On Sun, 25 Jan 2009, Richard Hughes wrote:
> +	/* good batteries update full_charge as the batteries degrade */
> +	if (battery->full_charge_capacity != ACPI_BATTERY_VALUE_UNKNOWN &&
> +	    battery->full_charge_capacity != 0) {
> +		percentage = (100 * battery->capacity_now) / battery->full_charge_capacity;
> +		if (percentage > 90)
> +			return 1;

You guys have to remember that the hardware can know when the cells are
physically full.  That has _nothing_ to do with any level estimation,
battery cells behave differently when they are full, and that's what the
overcharge protection circuitry detects.

So, the above test will still break on any proper battery subsystem with the
high watermark set below 100%, as those systems update full_charge_capacity
*only* when the cells really are full (and not because the EC decided to
stop the charging before they were full).
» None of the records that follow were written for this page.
(* The disjoint union of finitely many spectrally threshold dominated graphs is spectrally threshold dominated, and the complement of a spectrally threshold dominated graph is spectrally threshold dominated.
   Context: All graphs are finite and simple. For a graph $G$ on $n$ nodes, the Laplacian eigenvalues (eigenvalues of $L(G)=D(G)-A(G)$) are $\lambda_1(G)\ge\dots\ge\lambda_n(G)=0$. A threshold graph is a graph obtainable from the empty graph by repeatedly adding a new node that is either isolated or adjacent to all previously added nodes. A graph $G$ on $n$ nodes with $m$ edges is spectrally threshold dominated if for each $k\in\{1,\dots,n\}$ there is a threshold graph $T_k$ on $n$ nodes with $m$ edges satisfying $\sum_{i=1}^k\lambda_i(T_k)\ge\sum_{i=1}^k\lambda_i(G)$. *)

theory Defs
  imports "Jordan_Normal_Form.Char_Poly"
begin

text \<open>A finite simple graph on the node set {0..<n} is a pair (n, E) with E a symmetric,
irreflexive adjacency relation that only relates nodes below n.\<close>

type_synonym graph = "nat \<times> (nat \<Rightarrow> nat \<Rightarrow> bool)"

definition wf_graph :: "graph \<Rightarrow> bool" where
  "wf_graph G \<longleftrightarrow> (\<forall>i j. snd G i j \<longrightarrow> i < fst G \<and> j < fst G \<and> i \<noteq> j \<and> snd G j i)"

definition num_edges :: "graph \<Rightarrow> nat" where
  "num_edges G = card {(i, j). i < j \<and> j < fst G \<and> snd G i j}"
lemma cyc_mat_quadratic_form_ge_weighted:
  assumes v: "v \<in> carrier_vec n"
    and alpha_nonneg: "\<And>i. i < n \<Longrightarrow> 0 \<le> alpha i"
    and t_pos: "\<And>i. i < n \<Longrightarrow> 0 < t i"
    and row_bound: "\<And>i. i < n \<Longrightarrow> alpha i * t i + alpha (cyc_pred n i) / t (cyc_pred n i) \<le> 1 - l"
  shows "l * (v \<bullet> v) \<le> v \<bullet> (cyc_mat n alpha *\<^sub>v v)"
proof -
  have amgm: "2 * (alpha i * x * y) \<le> alpha i * t i * x\<^sup>2 + alpha i / t i * y\<^sup>2"
    if "i < n" for i x y
  proof -
    have "0 \<le> alpha i * (t i * x - y)\<^sup>2 / t i"
      using alpha_nonneg[OF that] t_pos[OF that] by simp
    also have "\<dots> = alpha i * t i * x\<^sup>2 + alpha i / t i * y\<^sup>2 - 2 * (alpha i * x * y)"
      using t_pos[OF that] by (simp add: power2_eq_square field_simps)
    finally show ?thesis by simp
  qed
  have "2 * (\<Sum>i<n. alpha i * v $ i * v $ (Suc i mod n))
      \<le> (\<Sum>i<n. alpha i * t i * (v $ i)\<^sup>2 + alpha i / t i * (v $ (Suc i mod n))\<^sup>2)"
    unfolding sum_distrib_left by (rule sum_mono, rule amgm) simp
  also have "\<dots> = (\<Sum>i<n. (alpha i * t i + alpha (cyc_pred n i) / t (cyc_pred n i)) * (v $ i)\<^sup>2)"
    using sum_cyclic_shift[of "\<lambda>i j. alpha i / t i * (v $ j)\<^sup>2" n]
    by (simp add: sum.distrib distrib_right)
  also have "\<dots> \<le> (\<Sum>i<n. (1 - l) * (v $ i)\<^sup>2)"
    by (intro sum_mono mult_right_mono) (simp_all add: row_bound)
  also have "\<dots> = (1 - l) * (v \<bullet> v)"
    by (simp add: scalar_prod_self_eq_sum_squares[OF v] sum_distrib_left)
  finally have "2 * (\<Sum>i<n. alpha i * v $ i * v $ (Suc i mod n)) \<le> (1 - l) * (v \<bullet> v)" .
  then show ?thesis unfolding cyc_mat_quadratic_form[OF v] by (simp add: algebra_simps)
qed

lemma cyc_mat_quadratic_form_ge:
  assumes v: "v \<in> carrier_vec n"
    and alpha_nonneg: "\<And>i. i < n \<Longrightarrow> 0 \<le> alpha i"
    and M_ge: "\<And>i. i < n \<Longrightarrow> alpha i + alpha (Suc i mod n) \<le> M"
  shows "(1 - M) * (v \<bullet> v) \<le> v \<bullet> (cyc_mat n alpha *\<^sub>v v)"
proof (rule cyc_mat_quadratic_form_ge_weighted[where alpha = alpha, OF v alpha_nonneg])
  show "0 < (1::real)" if "i < n" for i by simp
  show "alpha i * 1 + alpha (cyc_pred n i) / 1 \<le> 1 - (1 - M)" if "i < n" for i
    using M_ge[OF cyc_pred_less[OF that]] by (simp add: Suc_mod_cyc_pred[OF that] add.commute)
qed

lemma cyc_mat_quadratic_form_eq_bound_imp_const:
  assumes v: "v \<in> carrier_vec n"
    and alpha_pos: "\<And>i. i < n \<Longrightarrow> 0 < alpha i"
    and M_ge: "\<And>i. i < n \<Longrightarrow> alpha i + alpha (Suc i mod n) \<le> M"
    and eq: "v \<bullet> (cyc_mat n alpha *\<^sub>v v) = (1 - M) * (v \<bullet> v)"
    and i: "i < n"
  shows "v $ i = v $ 0"
proof -
  let ?D = "\<lambda>i. alpha i * (v $ i - v $ (Suc i mod n))\<^sup>2"
  have D_nonneg: "0 \<le> ?D i" if "i \<in> {..<n}" for i
    using alpha_pos that by (simp add: less_imp_le)
  have M_pred: "alpha i + alpha (cyc_pred n i) \<le> M" if "i < n" for i
    using M_ge[OF cyc_pred_less[OF that]] by (simp add: Suc_mod_cyc_pred[OF that] add.commute)
  have "(\<Sum>i<n. (alpha i + alpha (cyc_pred n i)) * (v $ i)\<^sup>2) \<le> (\<Sum>i<n. M * (v $ i)\<^sup>2)"
    by (intro sum_mono mult_right_mono) (simp_all add: M_pred)
  also have "\<dots> = M * (v \<bullet> v)"
    by (simp add: scalar_prod_self_eq_sum_squares[OF v] sum_distrib_left)
  finally have "(1 - M) * (v \<bullet> v) + sum ?D {..<n} \<le> v \<bullet> (cyc_mat n alpha *\<^sub>v v)"
    unfolding cyc_mat_quadratic_form_eq[OF v] by (simp add: algebra_simps)
  moreover have "0 \<le> sum ?D {..<n}" using D_nonneg by (rule sum_nonneg)
  ultimately have "sum ?D {..<n} = 0" using eq by linarith
  then have "\<forall>j\<in>{..<n}. ?D j = 0"
    using sum_nonneg_eq_0_iff[of "{..<n}" ?D] D_nonneg by simp
  then have D_zero: "?D j = 0" if "j < n" for j
    using that by blast
  have step: "v $ (Suc j mod n) = v $ j" if "j < n" for j
  proof -
    have "alpha j \<noteq> 0" using alpha_pos[OF that] by simp
    with D_zero[OF that] show ?thesis by simp
  qed
  show ?thesis
    using i
  proof (induction i)
    case (Suc i)
    then have "i < n" by simp
    have "v $ Suc i = v $ (Suc i mod n)" using Suc.prems by simp
    also have "\<dots> = v $ i" using step[OF \<open>i < n\<close>] .
    also have "\<dots> = v $ 0" using Suc.IH[OF \<open>i < n\<close>] .
    finally show ?case .
  qed simp
qed
text \<open>If the points \<open>X s (out f)\<close> and \<open>X s (inn f)\<close> run over the same points, the angle sum is
  \<open>2\<pi>\<close> times an integer; it varies continuously in \<open>s\<close>, so it is constant.\<close>

lemma ccw_angle_sum_homotopy:
  fixes X :: "real \<Rightarrow> 'b \<Rightarrow> complex" and out inn :: "'f \<Rightarrow> 'b"
  assumes fin: "finite Fs" and io: "inj_on out Fs" "inj_on inn Fs" "out ` Fs = inn ` Fs"
    and cont: "\<And>b. b \<in> out ` Fs \<Longrightarrow> continuous_on {0..1} (\<lambda>s. X s b)"
    and nz: "\<And>s b. s \<in> {0..1} \<Longrightarrow> b \<in> out ` Fs \<Longrightarrow> X s b \<noteq> 0"
    and eqn: "\<And>s f. s \<in> {0..1} \<Longrightarrow> f \<in> Fs \<Longrightarrow> cmod (X s (out f)) = cmod (X s (inn f))"
    and ne: "\<And>s f. s \<in> {0..1} \<Longrightarrow> f \<in> Fs \<Longrightarrow> X s (out f) \<noteq> X s (inn f)"
  shows "(\<Sum>f\<in>Fs. ccw_angle (X 0 (inn f)) (X 0 (out f))) = (\<Sum>f\<in>Fs. ccw_angle (X 1 (inn f)) (X 1 (out f)))"
proof -
  define h where "h s = (\<Sum>f\<in>Fs. ccw_angle (X s (inn f)) (X s (out f))) / (2*pi)" for s
  have inn: "inn f \<in> out ` Fs" if "f \<in> Fs" for f using io(3) that by blast
  have "h s \<in> \<int>" if s: "s \<in> {0..1}" for s
  proof -
    have "cis (\<Sum>f\<in>Fs. ccw_angle (X s (inn f)) (X s (out f))) = (\<Prod>f\<in>Fs. X s (out f) / X s (inn f))"
      unfolding cis_sum using cis_ccw_angle nz[OF s] eqn[OF s] inn by (intro prod.cong) auto
    also have "\<dots> = prod (X s) (out ` Fs) / prod (X s) (inn ` Fs)"
      by (simp add: prod_dividef prod.reindex[OF io(1)] prod.reindex[OF io(2)])
    also have "\<dots> = 1" using fin nz[OF s] unfolding io(3) by simp
    finally show ?thesis unfolding h_def by (rule cis_eq_1_imp_Ints)
  qed
  moreover have "continuous_on {0..1} h"
    unfolding h_def
    by (intro continuous_intros continuous_on_ccw_angle cont nz eqn ne inn) (auto simp: eqn ne)
  ultimately have "h constant_on {0..1}"
    by (intro continuous_discrete_range_constant)
       (auto intro!: exI[of _ 1] Ints_nonzero_abs_ge1 simp: Ints_diff)
  then have "h 0 = h 1" unfolding constant_on_def by force
  then show ?thesis unfolding h_def by simp
qed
Thus, it will break if you set the threshold to stop charging (high
watermark) above 90% but below 100% on a T-, X-, R- or W-series ThinkPad,
for example.

The test would still have to be:
	if (battery->full_charge_capacity != ACPI_BATTERY_VALUE_UNKNOWN &&
	    battery->full_charge_capacity != 0 &&
	    battery->capacity_now == battery->full_charge_capacity)
		return 1;

or, if there is crap so bad out there that requires it:
	if (battery->full_charge_capacity != ACPI_BATTERY_VALUE_UNKNOWN &&
	    battery->full_charge_capacity != 0 &&
	    battery->capacity_now == battery->full_charge_capacity) {
		percentage = (100 * battery->capacity_now) / battery->full_charge_capacity;
		if (percentage > 90)
			return 1;

to work well on proper battery firmware set to stop before the battery is
full.

If that can't work well enough with the crap out there, I am out of ideas,
and I'd say we'd have to quirk either the good or the bad systems to
properly implement the FULL state.

As for the sub-second "blinks" the EC does in battery states, if one wants
to avoid that, better report states only after they have been stable for one
or two seconds.  Not that a report of CHARGING->IDLE->FULL is incorrect or a
problem IMHO, but I don't know if that's what you guys are observing.

-- 
  "One disk to rule them all, One disk to find them. One disk to bring
  them all and in the darkness grind them. In the Land of Redmond
  where the shadows lie." -- The Silicon Valley Tarot
  Henrique Holschuh

  parent reply	other threads:[~2009-01-25 13:42 UTC|newest]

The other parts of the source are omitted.